The ripple that reached me however was of disbelief and frustration. Steve Spiegel, a former ‘hard core’ addict now long term director of the Providence Project – the hugely successful abstinence based, low cost rehabilitation centre for those the system has failed, emailed me: “Next they’ll be prescribing alcohol to alcoholics and crack to crack addicts! Who are these so-called experts? I’m not sure where they get their facts from regarding heroin users being the hardest to treat. This is certainly not our experience.” For Theodore Dalrymple this was “the latest expensive scheme to avoid admission of the obvious, that we have been barking up the wrong tree for years.”
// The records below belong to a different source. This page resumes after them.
(* Let $(M,g)$ be a time-oriented Lorentzian manifold with a continuous Lorentzian metric $g$. Then for every $p\in M$ the timelike future $I^+(p,M)$ and the timelike past $I^-(p,M)$ are open subsets of $M$.
   Context: A timelike curve is a piecewise smooth curve whose tangent vectors (where differentiable) are timelike, with left and right derivatives at each point lying in the same component of the timelike double cone; it is future (past) directed if its tangent vectors lie in the future (past) cone determined by the time orientation. $I^+(p,M)$ is the set of $q\in M$ such that there is a future directed timelike curve from $p$ to $q$; $I^-(p,M)$ is the set of $q$ such that there is a past directed timelike curve from $p$ to $q$. A time orientation is a continuous choice of one component of the timelike cone at each point, locally containing $\partial_{x^0}$ of some chart. *)

theory Defs
  imports "HOL-Analysis.Analysis"
begin

text \<open>A topological n-manifold M is modelled as a type 'm (Hausdorff, second countable),
  with a smooth atlas of charts (U, phi), phi : U -> real^'n.  All tangent data
  (metric, tangent vectors, time orientation) are expressed in chart coordinates,
  with the usual transformation laws under the Jacobian of the transition maps.\<close>

type_synonym ('m,'n) chart = "'m set \<times> ('m \<Rightarrow> real^'n)"

definition partial_dir :: "'n::finite \<Rightarrow> (real^'n \<Rightarrow> real^'k) \<Rightarrow> real^'n \<Rightarrow> real^'k" where
  "partial_dir i f x = vector_derivative (\<lambda>t. f (x + t *\<^sub>R axis i 1)) (at 0)"

fun iter_partial :: "'n::finite list \<Rightarrow> (real^'n \<Rightarrow> real^'k) \<Rightarrow> real^'n \<Rightarrow> real^'k" where
  "iter_partial [] f = f"
| "iter_partial (i # is) f = partial_dir i (iter_partial is f)"

definition smooth_on :: "(real^'n::finite) set \<Rightarrow> (real^'n \<Rightarrow> real^'k) \<Rightarrow> bool" where
  "smooth_on U f \<longleftrightarrow>
     (\<forall>is. continuous_on U (iter_partial is f) \<and>
        (\<forall>i. \<forall>x\<in>U. (\<lambda>t. iter_partial is f (x + t *\<^sub>R axis i 1)) differentiable (at 0)))"

fun cderiv :: "nat \<Rightarrow> (real \<Rightarrow> real^'n) \<Rightarrow> real set \<Rightarrow> real \<Rightarrow> real^'n" where
  "cderiv 0 f S = f"
| "cderiv (Suc k) f S = (\<lambda>t. vector_derivative (cderiv k f S) (at t within S))"

definition smooth_curve_on :: "real set \<Rightarrow> (real \<Rightarrow> real^'n) \<Rightarrow> bool" where
  "smooth_curve_on S f \<longleftrightarrow>
     (\<forall>k. \<forall>t\<in>S. (cderiv k f S has_vector_derivative cderiv (Suc k) f S t) (at t within S))"

definition is_chart :: "('m::topological_space, 'n::finite) chart \<Rightarrow> bool" where
  "is_chart c \<longleftrightarrow> open (fst c) \<and> inj_on (snd c) (fst c) \<and> continuous_on (fst c) (snd c) \<and>
     open (snd c ` fst c) \<and> continuous_on (snd c ` fst c) (inv_into (fst c) (snd c))"

definition transition :: "('m, 'n::finite) chart \<Rightarrow> ('m, 'n) chart \<Rightarrow> real^'n \<Rightarrow> real^'n" where
  "transition c d = snd d \<circ> inv_into (fst c) (snd c)"

definition smooth_atlas :: "('m::{t2_space,second_countable_topology}, 'n::finite) chart set \<Rightarrow> bool" where
  "smooth_atlas A \<longleftrightarrow> (\<forall>c\<in>A. is_chart c) \<and> (\<Union>c\<in>A. fst c) = UNIV \<and>
     (\<forall>c\<in>A. \<forall>d\<in>A. smooth_on (snd c ` (fst c \<inter> fst d)) (transition c d))"

definition jac :: "('m, 'n::finite) chart \<Rightarrow> ('m, 'n) chart \<Rightarrow> 'm \<Rightarrow> real^'n^'n" where
  "jac c d p = matrix (frechet_derivative (transition c d) (at (snd c p)))"

definition lorentz_sig :: "real^'n::finite^'n \<Rightarrow> bool" where
  "lorentz_sig G \<longleftrightarrow> transpose G = G \<and>
     (\<exists>(P::real^'n^'n) i0. invertible P \<and>
        transpose P ** G ** P = (\<chi> i j. if i = j then (if i = i0 then -1 else 1) else 0))"

text \<open>g c p is the coefficient matrix of the metric at p in chart c.\<close>
definition cont_lorentz_metric ::
  "('m::topological_space, 'n::finite) chart set \<Rightarrow> (('m,'n) chart \<Rightarrow> 'm \<Rightarrow> real^'n^'n) \<Rightarrow> bool" where
  "cont_lorentz_metric A g \<longleftrightarrow>
     (\<forall>c\<in>A. continuous_on (fst c) (g c) \<and> (\<forall>p\<in>fst c. lorentz_sig (g c p))) \<and>
     (\<forall>c\<in>A. \<forall>d\<in>A. \<forall>p\<in>fst c \<inter> fst d. g c p = transpose (jac c d p) ** g d p ** jac c d p)"

definition tcone :: "(('m,'n::finite) chart \<Rightarrow> 'm \<Rightarrow> real^'n^'n) \<Rightarrow> ('m,'n) chart \<Rightarrow> 'm \<Rightarrow> (real^'n) set" where
  "tcone g c p = {v. v \<bullet> (g c p *v v) < 0}"

text \<open>A time orientation: F c p is the chosen (future) component of the timelike cone at p,
  in chart-c coordinates; it is compatible with chart changes, and locally contains the
  coordinate vector field of some coordinate (the x^0 direction) of some chart.\<close>
definition time_orientation ::
  "('m::topological_space, 'n::finite) chart set \<Rightarrow> (('m,'n) chart \<Rightarrow> 'm \<Rightarrow> real^'n^'n)
     \<Rightarrow> (('m,'n) chart \<Rightarrow> 'm \<Rightarrow> (real^'n) set) \<Rightarrow> bool" where
  "time_orientation A g F \<longleftrightarrow>
     (\<forall>c\<in>A. \<forall>p\<in>fst c. \<exists>w\<in>tcone g c p. F c p = connected_component_set (tcone g c p) w) \<and>
     (\<forall>c\<in>A. \<forall>d\<in>A. \<forall>p\<in>fst c \<inter> fst d. \<forall>v. v \<in> F c p \<longleftrightarrow> jac c d p *v v \<in> F d p) \<and>
     (\<forall>p. \<exists>c\<in>A. \<exists>W i0. open W \<and> p \<in> W \<and> W \<subseteq> fst c \<and> (\<forall>q\<in>W. axis i0 1 \<in> F c q))"

definition smooth_piece :: "('m::topological_space, 'n::finite) chart set \<Rightarrow> (real \<Rightarrow> 'm) \<Rightarrow> real set \<Rightarrow> bool" where
  "smooth_piece A \<gamma> S \<longleftrightarrow>
     (\<forall>t\<in>S. \<forall>c\<in>A. \<gamma> t \<in> fst c \<longrightarrow>
        (\<exists>\<delta>>0. \<gamma> ` (S \<inter> ball t \<delta>) \<subseteq> fst c \<and> smooth_curve_on (S \<inter> ball t \<delta>) (snd c \<circ> \<gamma>)))"

definition pw_smooth_curve :: "('m::topological_space, 'n::finite) chart set \<Rightarrow> (real \<Rightarrow> 'm) \<Rightarrow> real \<Rightarrow> real \<Rightarrow> bool" where
  "pw_smooth_curve A \<gamma> a b \<longleftrightarrow> a < b \<and> continuous_on {a..b} \<gamma> \<and>
     (\<exists>P. finite P \<and> a \<in> P \<and> b \<in> P \<and> P \<subseteq> {a..b} \<and>
        (\<forall>s\<in>P. \<forall>u\<in>P. s < u \<and> {s<..<u} \<inter> P = {} \<longrightarrow> smooth_piece A \<gamma> {s..u}))"

definition directed_timelike_curve ::
  "bool \<Rightarrow> ('m::topological_space, 'n::finite) chart set \<Rightarrow> (('m,'n) chart \<Rightarrow> 'm \<Rightarrow> (real^'n) set)
     \<Rightarrow> (real \<Rightarrow> 'm) \<Rightarrow> real \<Rightarrow> real \<Rightarrow> bool" where
  "directed_timelike_curve fut A F \<gamma> a b \<longleftrightarrow> pw_smooth_curve A \<gamma> a b \<and>
     (\<forall>t\<in>{a..<b}. \<forall>c\<in>A. \<gamma> t \<in> fst c \<longrightarrow>
        (\<exists>v. ((snd c \<circ> \<gamma>) has_vector_derivative v) (at t within {t..b}) \<and>
             (if fut then v else - v) \<in> F c (\<gamma> t))) \<and>
     (\<forall>t\<in>{a<..b}. \<forall>c\<in>A. \<gamma> t \<in> fst c \<longrightarrow>
        (\<exists>v. ((snd c \<circ> \<gamma>) has_vector_derivative v) (at t within {a..t}) \<and>
             (if fut then v else - v) \<in> F c (\<gamma> t)))"

definition I_plus where
  "I_plus A F p = {q. \<exists>\<gamma> a b. directed_timelike_curve True A F \<gamma> a b \<and> \<gamma> a = p \<and> \<gamma> b = q}"

definition I_minus where
  "I_minus A F p = {q. \<exists>\<gamma> a b. directed_timelike_curve False A F \<gamma> a b \<and> \<gamma> a = p \<and> \<gamma> b = q}"

end

theory Submission
  imports Defs
begin

(* Let gamma be a future directed timelike curve from p to q, and take a chart c near q in which
   the time orientation contains a fixed coordinate vector e at every point. In these coordinates
   the future cone at a point is the connected component of e in the open set of vectors w with
   w . (g w) < 0. Since g is continuous, a compactness (tube lemma) argument shows that a small ball
   around the left tangent vector v of gamma at q lies in the future cone at every point near q.
   For s close to the final parameter b, the difference quotient of gamma over [s, b] is close to v,
   and so is the slope of the coordinate segment from gamma s to any point q' close enough to q.
   Replacing gamma on [s, b] by this segment gives a future directed timelike curve from p to q',
   so a neighbourhood of q lies in I+(p). Past directed curves are handled in the same way. *)

lemma increment_bound_by_derivative_deviation:
  fixes \<phi> :: "real \<Rightarrow> 'b::real_normed_vector"
  assumes der: "\<And>\<tau>. \<tau> \<in> closed_segment 0 t \<Longrightarrow> (\<phi> has_vector_derivative \<phi>' \<tau>) (at \<tau>)"
    and near: "\<And>\<tau>. \<tau> \<in> closed_segment 0 t \<Longrightarrow> norm (\<phi>' \<tau> - p) \<le> e"
  shows "norm (\<phi> t - \<phi> 0 - t *\<^sub>R p) \<le> e * \<bar>t\<bar>"
proof -
  have "norm ((\<phi> t - t *\<^sub>R p) - (\<phi> 0 - 0 *\<^sub>R p)) \<le> e * norm (t - 0)"
  proof (rule differentiable_bound[where f' = "\<lambda>\<tau> u. u *\<^sub>R (\<phi>' \<tau> - p)"])
    fix \<tau> assume \<tau>: "\<tau> \<in> closed_segment 0 t"
    have "((\<lambda>\<tau>. \<phi> \<tau> - \<tau> *\<^sub>R p) has_vector_derivative \<phi>' \<tau> - p) (at \<tau>)"
      using der[OF \<tau>] by (auto intro!: derivative_eq_intros)
    then show "((\<lambda>\<tau>. \<phi> \<tau> - \<tau> *\<^sub>R p) has_derivative (\<lambda>u. u *\<^sub>R (\<phi>' \<tau> - p))) (at \<tau> within closed_segment 0 t)"
      by (simp add: has_vector_derivative_def has_derivative_at_withinI)
    have "onorm (\<lambda>u. u *\<^sub>R (\<phi>' \<tau> - p)) = norm (\<phi>' \<tau> - p)"
      using onorm_scaleR_left[OF bounded_linear_ident, of "\<phi>' \<tau> - p"] by (simp add: onorm_id)
    then show "onorm (\<lambda>u. u *\<^sub>R (\<phi>' \<tau> - p)) \<le> e"
      using near[OF \<tau>] by simp
  qed auto
  then show ?thesis by (simp add: algebra_simps)
qed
Sadly the main body of the media had not shared his scepticism. On Tuesday morning, embargo raised, this ’success’ story led the news. On BBC Online, Home Affairs Correspondent Danny Shaw wrote ingenuously, ‘Heroin Supply Clinic Cuts Crime’. Radio 4’s Today programme ran his sympathetic news features through the morning and gave a platform to Professor Strang to assert: “The reductions in heroin use were spectacular, and those are validated”. Would people get this detail later in the day, he was asked. “Yes” came the reply, “later in the day and later, in proper scientific publications.”

Hmm. My suspicion that this was a case of the media cart before the academic horse was confirmed: “The next stage is for us to make our results publicly available and it’s a great privilege to be doing it on the programme today,” the Prof added.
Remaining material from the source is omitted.